Stavolta ho voglia di solitudine. Salto sulla bici, guadagno il Naviglio, spingo sui pedali, evado da Milano, cerco la campagna. La bici come terapia.
Neanche il tempo di superare le tre società di canottieri – San Cristoforo, Olona e Milano -, e ho già un uomo alla ruota. Maglia nera, pantaloncini neri, bici nera: un cavaliere nero. Silenzioso, discreto, riservato, anonimo, ignoto. Due solitudini non fanno una compagnia. Si perde, lo perdo, a Gaggiano. La bici come viaggio.

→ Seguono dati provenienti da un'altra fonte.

lemma comm_Bdelta_eq_0:
  "comm x z = 0 \<Longrightarrow> comm y z = 0 \<Longrightarrow> comm (Bdelta sc q x y) z = 0"
  by (simp add: Bdelta_def comm_diff_left comm_mult_left comm_sc)

lemma comm_B0_eq_0:
  "comm x z = 0 \<Longrightarrow> comm y z = 0 \<Longrightarrow> comm (B0 sc q x y n) z = 0"
  by (induction n rule: induct_nat_012)
    (simp_all add: comm_add_left comm_sc_left comm_Jacobi comm_Bdelta_eq_0)

lemma comm_B1_eq_0:
  "comm x z = 0 \<Longrightarrow> comm y z = 0 \<Longrightarrow> comm (B1 sc q x y n) z = 0"
  by (induction n rule: induct_nat_012)
    (simp_all add: comm_diff_left comm_sc_left comm_Jacobi comm_Bdelta_eq_0)

lemma comm_BZ0_eq_0:
  "comm x z = 0 \<Longrightarrow> comm y z = 0 \<Longrightarrow> comm (BZ0 sc q x y m) z = 0"
  by (simp add: BZ0_def comm_B0_eq_0 comm_B1_eq_0)

lemma BZ1_eq_BZ0: "BZ1 sc q x y m = BZ0 sc q x y (- m - 1)"
  by (simp add: BZ0_def BZ1_def)

lemma BZ0_recurrence:
  "BZ0 sc q x y (m + 1) - BZ0 sc q x y (m - 1)
     = sc (Bcoef q) * comm (Bdelta sc q x y) (BZ0 sc q x y m)"
proof (cases m)
  case (nonneg n)
  then show ?thesis by (cases n) (simp_all add: BZ0_def comm_def nat_add_distrib)
next
  case (neg n)
  then show ?thesis by (cases n) (simp_all add: BZ0_def comm_def nat_add_distrib)
qed

end

section \<open>Binomial sums along the index shift\<close>

lemma sum_binomial_Suc:
  fixes g :: "nat \<Rightarrow> 'a::semiring_1"
  shows "(\<Sum>l\<le>Suc k. of_nat (Suc k choose l) * g l)
    = (\<Sum>l\<le>k. of_nat (k choose l) * (g l + g (Suc l)))"
proof -
  have lower: "(\<Sum>l\<le>Suc k. of_nat (k choose l) * g l)
      = (\<Sum>l\<le>k. of_nat (k choose l) * g l)"
    by (simp add: binomial_eq_0)
  have "(\<Sum>l\<le>Suc k. of_nat (Suc k choose l) * g l)
      = g 0 + (\<Sum>l\<le>k. of_nat (Suc k choose Suc l) * g (Suc l))"
    by (subst sum.atMost_Suc_shift) simp
  also have "\<dots> = g 0 + (\<Sum>l\<le>k. of_nat (k choose Suc l) * g (Suc l))
      + (\<Sum>l\<le>k. of_nat (k choose l) * g (Suc l))"
    by (simp add: distrib_right sum.distrib add_ac)
  also have "g 0 + (\<Sum>l\<le>k. of_nat (k choose Suc l) * g (Suc l))
      = (\<Sum>l\<le>k. of_nat (k choose l) * g l)"
    using sum.atMost_Suc_shift[of "\<lambda>l. of_nat (k choose l) * g l" k] lower by simp
  finally show ?thesis
    by (simp add: distrib_left sum.distrib)
qed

Mi sottraggo alla provinciale, conquisto la stradina che costeggia un canale, divide la campagna, collega le cascine. Incrocio trattori e aironi, affianco risaie e ficaie, ascolto il vento che propone, promette, profetizza l’autunno. La bici come bussola.
Il ponte è – si fa per dire – fiammingo: a dorso d’asino, a pietre di fiume, a tiro di mucche. A destra una scorciatoia, a sinistra un’allungatoia. Le braccia fremono, le gambe frullano, la fantasia decolla, i ricordi planano, anche a trenta all’ora. La bici come risorgimento se non resurrezione.
Allegria e allergia, guida e Giuda, Oss e sos: anagrammi in antitesi. Penso a un pezzo, a un libro, a un pezzo di libro, a un libro a pezzi, a Paola Pezzo, a un libro libero. La bici come immaginazione al potere, e anche, qui, come immaginazione al podere.
Mi godo la solitudine, un uomo solo al comando, comando è una parola pesante, uomo è una parola ancora più pesante, ma pedalare regala la leggerezza dell’essere, almeno finché la strada è piatta, il percorso conosciuto, il traffico zero. La bici come salvezza.
Poi passa un treno, un treno a pedali, altri corridori neri di maglia, di pantaloncini e di bici, stavolta sono io ad aggregarmi, dietro, sfruttando la scia e l’energia. Trentacinque, quaranta, quarantacinque. Sarà un semaforo a spezzarci e la città a divorarci. E la bici, adesso, è lì che mi guarda. Magari domani, tempo permettendo, un’altra botta di solitudine.